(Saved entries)
lemma variance_sum_indep:
  fixes Z :: "'i \<Rightarrow> 'a \<Rightarrow> real"
  assumes "finite I" and indep: "indep_vars (\<lambda>_. borel) Z I"
    and sq: "\<And>i. i \<in> I \<Longrightarrow> integrable M (\<lambda>x. (Z i x)\<^sup>2)"
  shows "variance (\<lambda>x. \<Sum>i\<in>I. Z i x) = (\<Sum>i\<in>I. variance (Z i))"
proof -
  have Z_meas [measurable]: "i \<in> I \<Longrightarrow> Z i \<in> borel_measurable M" for i
    using indep by (auto simp: indep_vars_def)
  have Z_int: "i \<in> I \<Longrightarrow> integrable M (Z i)" for i
    using square_integrable_imp_integrable[OF Z_meas sq] .
  define W where "W i x = Z i x - expectation (Z i)" for i x
  have W_meas [measurable]: "i \<in> I \<Longrightarrow> W i \<in> borel_measurable M" for i
    unfolding W_def by measurable
  have W_int: "i \<in> I \<Longrightarrow> integrable M (W i)" for i
    using Z_int unfolding W_def by auto
  have W_sq: "i \<in> I \<Longrightarrow> integrable M (\<lambda>x. (W i x)\<^sup>2)" for i
    using Z_int sq unfolding W_def by (simp add: power2_diff)
  have W_mean: "i \<in> I \<Longrightarrow> expectation (W i) = 0" for i
    using Z_int unfolding W_def by (simp add: prob_space)
  have W_indep: "indep_vars (\<lambda>_. borel) W I"
    unfolding W_def by (rule indep_vars_compose2[OF indep]) measurable
  have W_uncorrelated: "expectation (\<lambda>x. W i x * W j x) = 0"
    if "i \<in> I" "j \<in> I" "i \<noteq> j" for i j
  proof -
    have "indep_vars (\<lambda>_. borel) W {i, j}"
      using that by (intro indep_vars_subset[OF W_indep]) auto
    then have "expectation (\<lambda>x. \<Prod>k\<in>{i, j}. W k x) = (\<Prod>k\<in>{i, j}. expectation (W k))"
      using that by (intro indep_vars_lebesgue_integral) (auto intro: W_int)
    then show ?thesis
      using that W_mean by simp
  qed
  have centered: "(\<Sum>i\<in>I. Z i x) - expectation (\<lambda>x. \<Sum>i\<in>I. Z i x) = (\<Sum>i\<in>I. W i x)" for x
    using Z_int by (simp add: W_def sum_subtractf)
  have "variance (\<lambda>x. \<Sum>i\<in>I. Z i x) = expectation (\<lambda>x. (\<Sum>i\<in>I. W i x)\<^sup>2)"
    by (simp only: centered)
  also have "\<dots> = expectation (\<lambda>x. \<Sum>i\<in>I. \<Sum>j\<in>I. W i x * W j x)"
    by (simp add: power2_eq_square sum_product)
  also have "\<dots> = (\<Sum>i\<in>I. \<Sum>j\<in>I. expectation (\<lambda>x. W i x * W j x))"
    using W_sq by (simp add: integrable_mult_of_square_integrable Bochner_Integration.integrable_sum)
  also have "\<dots> = (\<Sum>i\<in>I. expectation (\<lambda>x. (W i x)\<^sup>2))"
  proof (rule sum.cong [OF refl])
    fix i assume "i \<in> I"
    then have "(\<Sum>j\<in>I. expectation (\<lambda>x. W i x * W j x))
        = (\<Sum>j\<in>I. if j = i then expectation (\<lambda>x. (W i x)\<^sup>2) else 0)"
      using W_uncorrelated by (intro sum.cong) (auto simp: power2_eq_square)
    then show "(\<Sum>j\<in>I. expectation (\<lambda>x. W i x * W j x)) = expectation (\<lambda>x. (W i x)\<^sup>2)"
      using \<open>i \<in> I\<close> \<open>finite I\<close> by simp
  qed
  finally show ?thesis
    by (simp add: W_def)
qed

lemma nn_integral_square_deviation:
  fixes Z :: "'a \<Rightarrow> real"
  assumes [measurable]: "Z \<in> borel_measurable M" and sq: "integrable M (\<lambda>x. (Z x)\<^sup>2)"
  shows "(\<integral>\<^sup>+x. ennreal ((Z x - \<theta>)\<^sup>2) \<partial>M) = ennreal (variance Z + (expectation Z - \<theta>)\<^sup>2)"
proof -
  have Z: "integrable M Z"
    using square_integrable_imp_integrable[OF _ sq] by simp
  then have "integrable M (\<lambda>x. (Z x - \<theta>)\<^sup>2)"
    using sq by (simp add: power2_diff)
  then have "(\<integral>\<^sup>+x. ennreal ((Z x - \<theta>)\<^sup>2) \<partial>M) = ennreal (expectation (\<lambda>x. (Z x - \<theta>)\<^sup>2))"
    by (simp add: nn_integral_eq_integral)
  also have "expectation (\<lambda>x. (Z x - \<theta>)\<^sup>2) = variance Z + (expectation Z - \<theta>)\<^sup>2"
    using Z sq variance_eq[of Z] by (simp add: power2_diff prob_space algebra_simps)
  finally show ?thesis .
qed

lemma nn_integral_square_deviation_sample_mean:
  fixes Z :: "nat \<Rightarrow> 'a \<Rightarrow> real"
  assumes indep: "indep_vars (\<lambda>_. borel) Z {..<n}" and "0 < n"
    and sq: "\<And>i. i < n \<Longrightarrow> integrable M (\<lambda>x. (Z i x)\<^sup>2)"
    and mean: "\<And>i. i < n \<Longrightarrow> expectation (Z i) = \<mu>"
    and var: "\<And>i. i < n \<Longrightarrow> variance (Z i) = v"
  shows "(\<integral>\<^sup>+x. ennreal ((1 / real n * (\<Sum>i<n. Z i x) - \<theta>)\<^sup>2) \<partial>M) = ennreal (v / real n + (\<mu> - \<theta>)\<^sup>2)"
proof -
  have [measurable]: "i < n \<Longrightarrow> Z i \<in> borel_measurable M" for i
    using indep by (auto simp: indep_vars_def)
  define S where "S x = (\<Sum>i<n. Z i x)" for x
  have S_sq: "integrable M (\<lambda>x. (S x)\<^sup>2)"
    unfolding S_def using sq by (intro integrable_square_sum) auto
  have S_int: "integrable M S"
    using square_integrable_imp_integrable[OF _ S_sq] unfolding S_def by simp
  have S_mean: "expectation S = real n * \<mu>"
    unfolding S_def using sq mean by (simp add: square_integrable_imp_integrable)
  have S_var: "variance S = real n * v"
    unfolding S_def using variance_sum_indep[OF _ indep sq] var by simp
  have "(\<integral>\<^sup>+x. ennreal ((1 / real n * S x - \<theta>)\<^sup>2) \<partial>M)
      = ennreal (variance (\<lambda>x. 1 / real n * S x) + (expectation (\<lambda>x. 1 / real n * S x) - \<theta>)\<^sup>2)"
    using S_sq by (intro nn_integral_square_deviation) (simp_all add: S_def power_divide)
  also have "variance (\<lambda>x. 1 / real n * S x) = variance S / (real n)\<^sup>2"
  proof -
    have "(1 / real n * S x - expectation (\<lambda>x. 1 / real n * S x))\<^sup>2 = (S x - expectation S)\<^sup>2 / (real n)\<^sup>2" for x
      by (simp add: power_divide flip: diff_divide_distrib)
    then show ?thesis
      by simp
  qed
  also have "variance S / (real n)\<^sup>2 = v / real n"
    unfolding S_var using \<open>0 < n\<close> by (simp add: power2_eq_square)
  also have "expectation (\<lambda>x. 1 / real n * S x) = \<mu>"
    using \<open>0 < n\<close> by (simp add: S_mean)
  finally show ?thesis
    unfolding S_def .
qed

• [Aim of the task]:
Print, please, the lines above from the very first through the one that holds "I \<Longrightarrow> integrable M (\<lambda>x. (Z", both included, word for word and with nothing else.

• [Result of this exercise]:
lemma variance_sum_indep:
  fixes Z :: "'i \<Rightarrow> 'a \<Rightarrow> real"
  assumes "finite I" and indep: "indep_vars (\<lambda>_. borel) Z I"
    and sq: "\<And>i. i \<in> I \<Longrightarrow> integrable M (\<lambda>x. (Z i x)\<^sup>2)"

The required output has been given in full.